Data excerpts: Begin

(* Let $(X,\to,d_A)$ be a finitely branching metric transition system over $A$. Then $\mathit{lo}_S$ is $c_S$-compatible, i.e. $\mathit{lo}_S(c_S(\mathcal F))\subseteq c_S(\mathit{lo}_S(\mathcal F))$ for every $\mathcal F\subseteq[0,1]^X$.
   Context: A metric transition system: $(X,\to,d_A)$ with $\to\subseteq X\times A\times X$ and a metric $d_A\colon A\times A\to[0,1]$; finitely branching: each $\{(a,x')\mid x\xrightarrow{a}x'\}$ is finite. $r\oplus s=\min\{r+s,1\}$, $r\ominus s=\max\{0,r-s\}$. $\bigcirc_cf(x)=\bigvee\{(1-d_A(b,c))\land f(x')\mid x\xrightarrow{b}x'\}$ (empty join $=0$). $\mathit{lo}_S(\mathcal F)=\bigcup_{c\in A}\{\bigcirc_cf\mid f\in\mathrm{cl}^{\land,\mathrm{sh}}_f(\mathcal F)\}$, where $\mathrm{cl}^{\land,\mathrm{sh}}_f$ closes under finite pointwise meets (empty meet = constant 1) and constant shifts $f\mapsto f\ominus r$, $f\mapsto f\oplus r$, $r\in[0,1]$. $\alpha_S(\mathcal F)(x_1,x_2)=\bigvee_{f\in\mathcal F}(f(x_1)\ominus f(x_2))$, $\gamma_S(d)=\{f\mid\forall x_1,x_2\colon f(x_1)\ominus f(x_2)\le d(x_1,x_2)\}$ for directed pseudo-metrics $d$ on $X$, $c_S=\gamma_S\circ\alpha_S$. *)

theory Defs
  imports Complex_Main
begin

definition tplus :: "real \<Rightarrow> real \<Rightarrow> real" where
  "tplus r s = min (r + s) 1"
definition tminus :: "real \<Rightarrow> real \<Rightarrow> real" where
  "tminus r s = max 0 (r - s)"

definition join01 :: "real set \<Rightarrow> real" where
  "join01 S = (if S = {} then 0 else Sup S)"

definition label_metric :: "('a \<Rightarrow> 'a \<Rightarrow> real) \<Rightarrow> bool" where
  "label_metric d \<longleftrightarrow>
     (\<forall>a b. 0 \<le> d a b \<and> d a b \<le> 1) \<and>
     (\<forall>a b. d a b = 0 \<longleftrightarrow> a = b) \<and>
     (\<forall>a b. d a b = d b a) \<and>
     (\<forall>a b c. d a c \<le> d a b + d b c)"

definition fin_branching :: "('x \<times> 'a \<times> 'x) set \<Rightarrow> bool" where
  "fin_branching T \<longleftrightarrow> (\<forall>x. finite {(a, x'). (x, a, x') \<in> T})"

definition unit_fun :: "('x \<Rightarrow> real) \<Rightarrow> bool" where
  "unit_fun f \<longleftrightarrow> (\<forall>x. 0 \<le> f x \<and> f x \<le> 1)"

definition next_op :: "('x \<times> 'a \<times> 'x) set \<Rightarrow> ('a \<Rightarrow> 'a \<Rightarrow> real) \<Rightarrow> 'a \<Rightarrow> ('x \<Rightarrow> real) \<Rightarrow> 'x \<Rightarrow> real" where
  "next_op T d c f x = join01 {min (1 - d b c) (f x') | b x'. (x, b, x') \<in> T}"

text \<open>Closure under finite pointwise meets (empty meet = constant 1) and constant shifts.\<close>
inductive_set clos_meet_shift :: "('x \<Rightarrow> real) set \<Rightarrow> ('x \<Rightarrow> real) set" for F where
  base: "f \<in> F \<Longrightarrow> f \<in> clos_meet_shift F"
| top: "(\<lambda>_. 1) \<in> clos_meet_shift F"
| meet: "f \<in> clos_meet_shift F \<Longrightarrow> g \<in> clos_meet_shift F \<Longrightarrow> (\<lambda>x. min (f x) (g x)) \<in> clos_meet_shift F"
| shift_down: "f \<in> clos_meet_shift F \<Longrightarrow> 0 \<le> r \<Longrightarrow> r \<le> 1 \<Longrightarrow> (\<lambda>x. tminus (f x) r) \<in> clos_meet_shift F"
| shift_up: "f \<in> clos_meet_shift F \<Longrightarrow> 0 \<le> r \<Longrightarrow> r \<le> 1 \<Longrightarrow> (\<lambda>x. tplus (f x) r) \<in> clos_meet_shift F"

definition lo_S :: "('x \<times> 'a \<times> 'x) set \<Rightarrow> ('a \<Rightarrow> 'a \<Rightarrow> real) \<Rightarrow> ('x \<Rightarrow> real) set \<Rightarrow> ('x \<Rightarrow> real) set" where
  "lo_S T d F = (\<Union>c. {next_op T d c f | f. f \<in> clos_meet_shift F})"

definition alpha_S :: "('x \<Rightarrow> real) set \<Rightarrow> 'x \<Rightarrow> 'x \<Rightarrow> real" where
  "alpha_S F x1 x2 = join01 {tminus (f x1) (f x2) | f. f \<in> F}"

definition gamma_S :: "('x \<Rightarrow> 'x \<Rightarrow> real) \<Rightarrow> ('x \<Rightarrow> real) set" where
  "gamma_S d = {f. unit_fun f \<and> (\<forall>x1 x2. tminus (f x1) (f x2) \<le> d x1 x2)}"

definition c_S :: "('x \<Rightarrow> real) set \<Rightarrow> ('x \<Rightarrow> real) set" where
  "c_S F = gamma_S (alpha_S F)"

end

theory Submission imports Defs begin

text \<open>
  The closure of \<open>c_S F\<close> under meets and shifts is \<open>c_S F\<close> itself, so it suffices to show that
  \<open>g = \<bigcirc>\<^sub>c f\<close> is non-expansive for \<open>\<alpha>\<^sub>S(lo\<^sub>S F)\<close> whenever \<open>f \<in> c_S F\<close>.
  Suppose \<open>g x\<^sub>1 - g x\<^sub>2 = \<epsilon>\<close> and let \<open>\<delta> > 0\<close>. Finite branching gives a successor \<open>y\<^sub>1\<close> of \<open>x\<^sub>1\<close>
  realising \<open>g x\<^sub>1\<close>; every successor \<open>y\<close> of \<open>x\<^sub>2\<close> with \<open>f y \<le> g x\<^sub>2\<close> then satisfies
  \<open>f y\<^sub>1 - f y \<ge> \<epsilon>\<close>, hence some \<open>k \<in> F\<close> separates \<open>y\<^sub>1\<close> from \<open>y\<close> by more than \<open>\<epsilon> - \<delta>\<close>.
  Shifting each such \<open>k\<close> to the value \<open>g x\<^sub>1\<close> at \<open>y\<^sub>1\<close> and taking the finite meet yields
  \<open>h \<in> cl(F)\<close> with \<open>\<bigcirc>\<^sub>c h x\<^sub>1 \<ge> g x\<^sub>1\<close> and \<open>\<bigcirc>\<^sub>c h x\<^sub>2 \<le> g x\<^sub>2 + \<delta>\<close>.
\<close>

lemma join01_upper: "bdd_above S \<Longrightarrow> s \<in> S \<Longrightarrow> s \<le> join01 S"
  unfolding join01_def by (auto intro: cSup_upper)

lemma join01_least: "(\<And>s. s \<in> S \<Longrightarrow> s \<le> u) \<Longrightarrow> 0 \<le> u \<Longrightarrow> join01 S \<le> u"
  unfolding join01_def by (auto intro: cSup_least)

lemma join01_nonneg:
  assumes "\<And>s. s \<in> S \<Longrightarrow> 0 \<le> s \<and> s \<le> 1"
  shows "0 \<le> join01 S"
proof (cases "S = {}")
  case False
  then obtain s where "s \<in> S" by blast
  with assms have "0 \<le> s" and "s \<le> join01 S"
    by (auto intro!: join01_upper bdd_aboveI[of _ 1])
  then show ?thesis by linarith
qed (simp add: join01_def)

lemma less_join01D: "0 \<le> t \<Longrightarrow> t < join01 S \<Longrightarrow> \<exists>s\<in>S. t < s"
  unfolding join01_def by (auto split: if_splits intro: less_cSupD)

lemma join01_in_finite: "finite S \<Longrightarrow> 0 < join01 S \<Longrightarrow> join01 S \<in> S"
  unfolding join01_def by (auto split: if_splits simp: cSup_eq_Max)

lemma tminus_nonneg: "0 \<le> tminus r s"
  by (simp add: tminus_def)

lemma tminus_min_le: "tminus (min a b) (min a' b') \<le> max (tminus a a') (tminus b b')"
  by (simp add: tminus_def min_def max_def)

lemma tminus_shift_down_le: "tminus (tminus a r) (tminus b r) \<le> tminus a b"
  by (simp add: tminus_def max_def)

lemma tminus_shift_up_le: "tminus (tplus a r) (tplus b r) \<le> tminus a b"
  by (simp add: tminus_def tplus_def min_def max_def)

lemma unit_fun_min: "unit_fun f \<Longrightarrow> unit_fun g \<Longrightarrow> unit_fun (\<lambda>x. min (f x) (g x))"
  unfolding unit_fun_def by (simp add: min_def)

Data excerpts: End

## What is required:
Across the data above, count every line with "lambda" in it and write only the total.

## Output of the exercise:
5